Hacker News new | ask | show | jobs
by j_baker 5387 days ago
This solution isn't necessarily terrible.

The only caveats are that of performance (with a traditional server I wouldn't worry about performance until you need to process hundreds of items per second, but on EC2 nodes that threshold is more near the range of dozens per second), and the need to regularly archive the "done" directory (cron solves this nicely).

...but why would you worry about these problems when other solutions like kestrel, beanstalk, and redis (my personal favorite) are equally easy to set up and understand?

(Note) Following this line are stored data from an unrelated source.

(* Let $A\in\mathbb{R}^{n\times n}$ be symmetric of rank $r\ge 1$, written as $A=Q\Lambda Q^\top=\sum_{i=1}^r\lambda_i\vec{q}_i\vec{q}_i^\top$, where $Q=[\vec{q}_1\ \cdots\ \vec{q}_r]\in\mathbb{R}^{n\times r}$ has orthonormal columns that are eigenvectors of $A$ for its nonzero eigenvalues and $\Lambda=\mathrm{Diag}(\lambda_1,\dots,\lambda_r)$ is the diagonal matrix of these nonzero eigenvalues. Let $\bar{Q}=[\bar{\vec{q}}_{r+1}\ \cdots\ \bar{\vec{q}}_n]$ have orthonormal columns spanning the null space of $A$, and let $\vec{x}_0=Q\nu+\bar{Q}\mu$ with $\nu\in\mathbb{R}^r$, $\nu\neq 0$, $\mu\in\mathbb{R}^{n-r}$. Let $\vec{x}_{t+1}=A\vec{x}_t$, $X_j=[\vec{x}_0\ \cdots\ \vec{x}_j]$, $Y_j=[\vec{x}_1\ \cdots\ \vec{x}_{j+1}]$, $\hat{A}_j=Y_jX_j^{\dagger}$. Let $1\le k<n$, let $U_{k-1}$ be the matrix of left singular vectors of $X_{k-1}$ corresponding to its nonzero singular values, and $S_k=I-U_{k-1}U_{k-1}^\top$. Assume $\|S_kQ\Lambda^k\nu\|\neq 0$. Then $$A-\hat{A}_k=A\left(I-\frac{S_kQ\Lambda^k\nu\nu^\top\Lambda^kQ^\top}{\|S_kQ\Lambda^k\nu\|^2}\right)S_k .$$
   Context: $M^{\dagger}$ is the Moore–Penrose pseudo-inverse; $\|\cdot\|$ on vectors is the Euclidean norm. $S_k$ is the orthogonal projection onto the orthogonal complement of the range of $X_{k-1}$. *)

theory Defs
  imports Complex_Main "Jordan_Normal_Form.Matrix" "Jordan_Normal_Form.DL_Rank"
begin

definition vnorm :: "real vec \<Rightarrow> real" where
  "vnorm v = sqrt (v \<bullet> v)"

definition pinv :: "real mat \<Rightarrow> real mat" where
  "pinv M = (THE X. X \<in> carrier_mat (dim_col M) (dim_row M) \<and>
      M * X * M = M \<and> X * M * X = X \<and>
      transpose_mat (M * X) = M * X \<and> transpose_mat (X * M) = X * M)"

definition col_range :: "real mat \<Rightarrow> real vec set" where
  "col_range M = {M *\<^sub>v w | w. w \<in> carrier_vec (dim_col M)}"

definition orth_compl :: "nat \<Rightarrow> real vec set \<Rightarrow> real vec set" where
  "orth_compl n V = {v \<in> carrier_vec n. \<forall>u\<in>V. v \<bullet> u = 0}"

definition orth_proj :: "nat \<Rightarrow> real vec set \<Rightarrow> real mat" where
  "orth_proj n V = (THE P. P \<in> carrier_mat n n \<and>
      (\<forall>v\<in>carrier_vec n. P *\<^sub>v v \<in> V \<and> (\<forall>u\<in>V. (v - P *\<^sub>v v) \<bullet> u = 0)))"

primrec iter :: "real mat \<Rightarrow> real vec \<Rightarrow> nat \<Rightarrow> real vec" where
  "iter A x0 0 = x0"
| "iter A x0 (Suc t) = A *\<^sub>v iter A x0 t"

definition Xmat :: "nat \<Rightarrow> real mat \<Rightarrow> real vec \<Rightarrow> nat \<Rightarrow> real mat" where
  "Xmat n A x0 j = mat_of_cols n (map (iter A x0) [0..<Suc j])"

definition Ymat :: "nat \<Rightarrow> real mat \<Rightarrow> real vec \<Rightarrow> nat \<Rightarrow> real mat" where
  "Ymat n A x0 j = mat_of_cols n (map (iter A x0) [1..<Suc (Suc j)])"

definition Ahat :: "nat \<Rightarrow> real mat \<Rightarrow> real vec \<Rightarrow> nat \<Rightarrow> real mat" where
  "Ahat n A x0 j = Ymat n A x0 j * pinv (Xmat n A x0 j)"

definition Smat :: "nat \<Rightarrow> real mat \<Rightarrow> real vec \<Rightarrow> nat \<Rightarrow> real mat" where
  "Smat n A x0 k = orth_proj n (orth_compl n (col_range (Xmat n A x0 (k - 1))))"

end

theory Submission
  imports Defs
begin

text \<open>
  Since \<open>Y\<^sub>k = A X\<^sub>k\<close>, the operator \<open>Ahat\<^sub>k = A X\<^sub>k X\<^sub>k\<^sup>+\<close> equals \<open>A P\<^sub>k\<close>, where
  \<open>P\<^sub>k\<close> is the orthogonal projector onto \<open>span {x\<^sub>0, ..., x\<^sub>k}\<close>; likewise
  \<open>S\<^sub>k = I - P\<^sub>k\<^sub>-\<^sub>1\<close>. One Gram--Schmidt step gives
  \<open>P\<^sub>k = P\<^sub>k\<^sub>-\<^sub>1 + s s\<^sup>T / |s|\<^sup>2\<close> with \<open>s = S\<^sub>k x\<^sub>k\<close>, hence
  \<open>A - Ahat\<^sub>k = A (S\<^sub>k - s s\<^sup>T / |s|\<^sup>2) = A (I - S\<^sub>k x\<^sub>k x\<^sub>k\<^sup>T / |s|\<^sup>2) S\<^sub>k\<close>
  by the symmetry of \<open>S\<^sub>k\<close>. The spectral hypotheses only serve to identify
  \<open>x\<^sub>k = Q \<Lambda>\<^sup>k \<nu>\<close> for \<open>k \<ge> 1\<close>: the null-space component of \<open>x\<^sub>0\<close> dies in the first step.
  As \<^const>\<open>pinv\<close> is a definite description, a Moore--Penrose inverse must also be shown to exist.
\<close>

lemma mat_eq_if_mult_vec_eq:
  fixes A B :: "'a::semiring_1 mat"
  assumes A: "A \<in> carrier_mat n m" and B: "B \<in> carrier_mat n m"
    and eq: "\<And>v. v \<in> carrier_vec m \<Longrightarrow> A *\<^sub>v v = B *\<^sub>v v"
  shows "A = B"
proof (rule eq_matI)
  fix i j assume i: "i < dim_row B" and j: "j < dim_col B"
  have "(A *\<^sub>v unit_vec m j) $ i = (B *\<^sub>v unit_vec m j) $ i" using eq by simp
  then show "A $$ (i, j) = B $$ (i, j)" using A B i j by simp
qed (use A B in auto)

lemma assoc_mult_mat_dims:
  fixes A :: "'a::semiring_0 mat"
  shows "dim_col A = dim_row B \<Longrightarrow> dim_col B = dim_row C \<Longrightarrow> A * B * C = A * (B * C)"
  by (rule assoc_mult_mat[of A "dim_row A" "dim_col A" B "dim_col B" C "dim_col C"]) auto

lemma eq_if_minus_eq_0_vec:
  fixes a b :: "'a::ab_group_add vec"
  assumes a: "a \<in> carrier_vec n" and b: "b \<in> carrier_vec n" and diff: "a - b = 0\<^sub>v n"
  shows "a = b"
proof (rule eq_vecI)
  fix i assume i: "i < dim_vec b"
  have "(a - b) $ i = 0" using diff i b by simp
  then show "a $ i = b $ i" using i a b by simp
qed (use a b in simp)

lemma scalar_prod_self_eq_0_iff:
  fixes v :: "real vec"
  assumes "v \<in> carrier_vec n"
  shows "v \<bullet> v = 0 \<longleftrightarrow> v = 0\<^sub>v n"
  using conjugate_square_eq_0_vec[OF assms] by simp

lemma scalar_prod_self_nonneg:
  fixes v :: "real vec"
  shows "v \<bullet> v \<ge> 0"
  using conjugate_square_ge_0_vec[of v] by simp

lemma power2_vnorm: "(vnorm v)\<^sup>2 = v \<bullet> v"
  unfolding vnorm_def using scalar_prod_self_nonneg by simp

lemma symmetric_mat_scalar_prod:
  fixes P :: "'a::comm_semiring_0 mat"
  assumes P: "P \<in> carrier_mat n n" and sym: "transpose_mat P = P"
    and x: "x \<in> carrier_vec n" and y: "y \<in> carrier_vec n"
  shows "(P *\<^sub>v x) \<bullet> y = x \<bullet> (P *\<^sub>v y)"
  using transpose_vec_mult_scalar[OF P y x] sym by simp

And for that matter, how do you give multiple machines access to this workqueue?

1 comments

As you point out, both of those are excellent points at which you should consider a "real" queuing system :)
Yeah, but why not just skip the intermediary step and use a "real" queueing system to begin with? It doesn't sound to me like it's any more effort in the short term or in the long term, and it's one less thing you have to worry about as you scale.
Gonna play devil's advocate here:

I think making files in a folder represents the least amount of effort for making a queue. So using one of the systems you described is necessarily more work.

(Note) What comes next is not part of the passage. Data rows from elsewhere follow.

lemma (in pair_prob_space) integral_inner_eq_0_of_centered:
  fixes u :: "'a \<Rightarrow> 'v::euclidean_space" and v :: "'a \<times> 'b \<Rightarrow> 'v"
  assumes u: "u \<in> borel_measurable M1" and v: "v \<in> borel_measurable (M1 \<Otimes>\<^sub>M M2)"
    and u_L2: "(\<integral>\<^sup>+ z. ennreal ((norm (u z))\<^sup>2) \<partial>M1) < \<infinity>"
    and v_bound: "\<And>z. (\<integral>\<^sup>+ s. ennreal ((norm (v (z, s)))\<^sup>2) \<partial>M2) \<le> ennreal c"
    and centered: "\<And>z. integrable M2 (\<lambda>s. v (z, s)) \<and> (\<integral>s. v (z, s) \<partial>M2) = 0"
  shows "(\<integral>p. inner (u (fst p)) (v p) \<partial>(M1 \<Otimes>\<^sub>M M2)) = 0"
proof -
  have "(\<integral>p. inner (u (fst p)) (v p) \<partial>(M1 \<Otimes>\<^sub>M M2)) = (\<integral>z. (\<integral>s. inner (u z) (v (z, s)) \<partial>M2) \<partial>M1)"
    using integral_fst'[OF integrable_inner_of_square_bounds[OF u v u_L2 v_bound]] by simp
  also have "\<dots> = 0"
    using centered by (simp add: integral_inner_right)
  finally show ?thesis .
qed

text \<open>The cross term between a square-integrable quantity of the past and a fresh noise term
  vanishes: condition on the past (Fubini on the product law) and use unbiasedness.\<close>
lemma (in prob_space) integral_inner_noise_eq_0:
  fixes g :: "'v::euclidean_space \<Rightarrow> 'b \<Rightarrow> 'v" and G :: "'v \<Rightarrow> 'v" and U X :: "'a \<Rightarrow> 'v"
  assumes indep: "indep_rv (borel \<Otimes>\<^sub>M borel) (\<lambda>\<omega>. (U \<omega>, X \<omega>)) S \<xi>" and distr: "distr M S \<xi> = D"
    and g: "(\<lambda>(x, s). g x s) \<in> borel_measurable (borel \<Otimes>\<^sub>M S)" and G: "G \<in> borel_measurable borel"
    and var: "\<And>x. (\<integral>\<^sup>+ s. ennreal ((norm (g x s - G x))\<^sup>2) \<partial>D) \<le> ennreal (\<sigma>\<^sup>2)"
    and unbiased: "\<And>x. integrable D (g x) \<and> (\<integral>s. g x s \<partial>D) = G x"
    and U_L2: "(\<integral>\<^sup>+ \<omega>. ennreal ((norm (U \<omega>))\<^sup>2) \<partial>M) < \<infinity>"
  shows "(\<integral>\<omega>. inner (U \<omega>) (g (X \<omega>) (\<xi> \<omega>) - G (X \<omega>)) \<partial>M) = 0"
proof -
  let ?Z = "\<lambda>\<omega>. (U \<omega>, X \<omega>)" and ?B = "borel \<Otimes>\<^sub>M borel :: ('v \<times> 'v) measure"
  have Z: "random_variable ?B ?Z" and \<xi>: "random_variable S \<xi>"
    and joint: "distr M ?B ?Z \<Otimes>\<^sub>M distr M S \<xi> = distr M (?B \<Otimes>\<^sub>M S) (\<lambda>\<omega>. (?Z \<omega>, \<xi> \<omega>))"
    using indep unfolding indep_rv_def by auto
  interpret PZ: prob_space "distr M ?B ?Z" by (rule prob_space_distr[OF Z])
  interpret P\<xi>: prob_space "distr M S \<xi>" by (rule prob_space_distr[OF \<xi>])
  interpret PP: pair_prob_space "distr M ?B ?Z" "distr M S \<xi>" ..
  have sets_P: "sets (distr M ?B ?Z \<Otimes>\<^sub>M distr M S \<xi>) = sets (?B \<Otimes>\<^sub>M S)"
    by (rule sets_pair_measure_cong[OF sets_distr sets_distr])
  define v where "v p = g (snd (fst p)) (snd p) - G (snd (fst p))" for p :: "('v \<times> 'v) \<times> 'b"
  have v: "v \<in> borel_measurable (?B \<Otimes>\<^sub>M S)" unfolding v_def using g G by measurable
  have "(\<integral>\<omega>. inner (U \<omega>) (g (X \<omega>) (\<xi> \<omega>) - G (X \<omega>)) \<partial>M)
      = (\<integral>p. inner (fst (fst p)) (v p) \<partial>(distr M ?B ?Z \<Otimes>\<^sub>M distr M S \<xi>))"
  proof -
    have "(\<lambda>p. inner (fst (fst p)) (v p)) \<in> borel_measurable (?B \<Otimes>\<^sub>M S)" using v by measurable
    then show ?thesis
      unfolding joint by (subst integral_distr[OF measurable_Pair[OF Z \<xi>]]) (simp_all add: v_def)
  qed
  also have "\<dots> = 0"
  proof (rule PP.integral_inner_eq_0_of_centered)
    show "v \<in> borel_measurable (distr M ?B ?Z \<Otimes>\<^sub>M distr M S \<xi>)"
      using v by (simp add: measurable_cong_sets[OF sets_P refl])
    show "(\<integral>\<^sup>+ z. ennreal ((norm (fst z))\<^sup>2) \<partial>distr M ?B ?Z) < \<infinity>"
      using U_L2 by (subst nn_integral_distr[OF Z]) simp_all
    show "(\<integral>\<^sup>+ s. ennreal ((norm (v (z, s)))\<^sup>2) \<partial>distr M S \<xi>) \<le> ennreal (\<sigma>\<^sup>2)" for z
      using var[of "snd z"] by (simp add: v_def distr)
    show "integrable (distr M S \<xi>) (\<lambda>s. v (z, s)) \<and> (\<integral>s. v (z, s) \<partial>distr M S \<xi>) = 0" for z
    proof -
      interpret PD: prob_space D using P\<xi>.prob_space_axioms distr by simp
      from unbiased[of "snd z"] show ?thesis
        by (simp add: v_def distr Bochner_Integration.integral_diff PD.prob_space)
    qed
  qed simp
  finally show ?thesis .
qed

I think the commenter outlined the reasons: any process can access the data with simple unix commands, and everyone understands files.

Plus files could be more efficient. What if the work unit you are processing are files? If the files are the work and the folder is the queue, you don't need any extra abstractions to access the data.

Because then you have to admin the real queueing system. If it's something simple, sometimes the one-time cost of re-solving the problem is less than the ongoing cost of dealing with that damn queueing system every time someone wants to set the app up on a new host, or a new dev wants to work with it, or it crashes, etc.

Fine line for when either approach is appropriate.

Beyond the novelty of doing it as a learning exercise the first time 'round, I agree that your approach is better where there's any expectation of scale.